(Stored data entries)
------------------------------------------------------------
lemma pointwise_convergent_subseq:
  fixes w :: "nat \<Rightarrow> nat \<Rightarrow> 'b::metric_space"
  assumes w: "\<And>N k. w N k \<in> S k" and S: "\<And>k. compact (S k)"
  obtains l r where "strict_mono r" "\<And>k. l k \<in> S k" "\<And>k. (\<lambda>j. w (r j) k) \<longlonglongrightarrow> l k"
proof -
  have "compact (PiE UNIV S)"
    using compactin_PiE[of "\<lambda>_. euclidean" UNIV S] S by (simp add: euclidean_product_topology)
  moreover have "\<forall>N. w N \<in> PiE UNIV S" using w by auto
  ultimately obtain l r where l: "l \<in> PiE UNIV S" and r: "strict_mono r" and lim: "(w \<circ> r) \<longlonglongrightarrow> l"
    using compact_imp_seq_compact seq_compactE by metis
  have "(\<lambda>j. w (r j) k) \<longlonglongrightarrow> l k" for k
    using continuous_on_tendsto_compose[OF continuous_on_product_coordinates lim, of k] by (simp add: o_def)
  with l show ?thesis using that[OF r] by (auto simp: PiE_iff)
qed

lemma sum_truncate_le:
  fixes \<mu> a :: "nat \<Rightarrow> real"
  assumes "\<And>i. 0 \<le> \<mu> i" "K \<le> N" "\<And>i. K \<le> i \<Longrightarrow> i \<le> N \<Longrightarrow> a i \<le> \<beta>"
  shows "(\<Sum>i<Suc N. \<mu> i * a i) \<le> (\<Sum>i<K. \<mu> i * a i) + (\<Sum>i\<in>{K..N}. \<mu> i) * \<beta>"
proof -
  have "{..<Suc N} = {..<K} \<union> {K..N}" using assms(2) by auto
  then have "(\<Sum>i<Suc N. \<mu> i * a i) = (\<Sum>i<K. \<mu> i * a i) + (\<Sum>i\<in>{K..N}. \<mu> i * a i)"
    by (simp add: sum.union_disjoint ivl_disj_int)
  also have "(\<Sum>i\<in>{K..N}. \<mu> i * a i) \<le> (\<Sum>i\<in>{K..N}. \<mu> i * \<beta>)"
    using assms by (intro sum_mono mult_left_mono) auto
  finally show ?thesis by (simp add: sum_distrib_right)
qed

lemma limsup_lower_bound_tail:
  fixes lam a b :: "nat \<Rightarrow> real"
  assumes lam: "\<And>k. 0 \<le> lam k" "lam 0 = 0" "summable lam" and b: "\<And>K. b K \<le> B"
    and ineq: "\<And>K. c \<le> (\<Sum>k\<in>{1..K}. lam k * a k) + (lami + (suminf lam - (\<Sum>k\<in>{1..K}. lam k))) * b K"
  shows "ereal c \<le> limsup (\<lambda>K. ereal (\<Sum>k\<in>{1..K}. lam k * a k)) + limsup (\<lambda>K. ereal (lami * b K))"
proof -
  define tail where "tail K = suminf lam - (\<Sum>k\<in>{1..K}. lam k)" for K
  have partial: "(\<Sum>k\<in>{1..K}. lam k) = (\<Sum>k<Suc K. lam k)" for K
    unfolding One_nat_def sum.atLeast1_atMost_eq sum.lessThan_Suc_shift lam(2) by simp
  have tail_nonneg: "0 \<le> tail K" for K
  proof -
    have "(\<Sum>k<Suc K. lam k) \<le> suminf lam" using lam by (intro sum_le_suminf) auto
    then show ?thesis unfolding tail_def partial by linarith
  qed
  have "(\<lambda>K. \<Sum>k<Suc K. lam k) \<longlonglongrightarrow> suminf lam"
    using summable_LIMSEQ[OF lam(3)] by (rule LIMSEQ_Suc)
  from tendsto_diff[OF tendsto_const this, of "suminf lam"] have "tail \<longlonglongrightarrow> 0"
    unfolding tail_def partial by simp
  then have "(\<lambda>K. c - tail K * B) \<longlonglongrightarrow> c - 0 * B"
    by (intro tendsto_intros)
  then have "(\<lambda>K. ereal (c - tail K * B)) \<longlonglongrightarrow> ereal c"
    by simp
  from lim_imp_Limsup[OF trivial_limit_sequentially this]
  have "ereal c = limsup (\<lambda>K. ereal (c - tail K * B))" by simp
  also have "\<dots> \<le> limsup (\<lambda>K. ereal (\<Sum>k\<in>{1..K}. lam k * a k) + ereal (lami * b K))"
  proof (intro Limsup_mono always_eventually allI)
    fix K
    have "tail K * b K \<le> tail K * B" using b tail_nonneg by (rule mult_left_mono)
    then show "ereal (c - tail K * B) \<le> ereal (\<Sum>k\<in>{1..K}. lam k * a k) + ereal (lami * b K)"
      using ineq[of K] unfolding tail_def[symmetric] by (simp add: algebra_simps)
  qed
  also have "\<dots> \<le> limsup (\<lambda>K. ereal (\<Sum>k\<in>{1..K}. lam k * a k)) + limsup (\<lambda>K. ereal (lami * b K))"
    by (rule ereal_limsup_add_mono)
  finally show ?thesis .
qed

text \<open>Coordinate 0 is the total mass of \<mu> 0, ..., \<mu> N and coordinate i + 1 is \<mu> i for
  i < N; the last multiplier \<mu> N (that of the tail supremum below) only enters the total.\<close>

definition mass_vector :: "nat \<Rightarrow> (nat \<Rightarrow> real) \<Rightarrow> nat \<Rightarrow> real" where
  "mass_vector N \<mu> k = (case k of 0 \<Rightarrow> \<Sum>i<Suc N. \<mu> i | Suc i \<Rightarrow> if i < N then \<mu> i else 0)"

lemma mass_vector_bounds:
  assumes "\<And>i. 0 \<le> \<mu> i"
  shows "0 \<le> mass_vector N \<mu> k" and "mass_vector N \<mu> k \<le> (\<Sum>i<Suc N. \<mu> i)"
proof -
  have "\<mu> i \<le> (\<Sum>i<Suc N. \<mu> i)" if "i < N" for i
    using that assms by (intro member_le_sum) auto
  then show "0 \<le> mass_vector N \<mu> k" "mass_vector N \<mu> k \<le> (\<Sum>i<Suc N. \<mu> i)"
    using assms by (auto simp: mass_vector_def sum_nonneg split: nat.split)
qed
------------------------------------------------------------
Print nothing but the lines from the line with "i \<le> (\<Sum>i<Suc" to the last line of the records above. Both of those lines count.

  have "\<mu> i \<le> (\<Sum>i<Suc N. \<mu> i)" if "i < N" for i
    using that assms by (intro member_le_sum) auto
  then show "0 \<le> mass_vector N \<mu> k" "mass_vector N \<mu> k \<le> (\<Sum>i<Suc N. \<mu> i)"
    using assms by (auto simp: mass_vector_def sum_nonneg split: nat.split)
qed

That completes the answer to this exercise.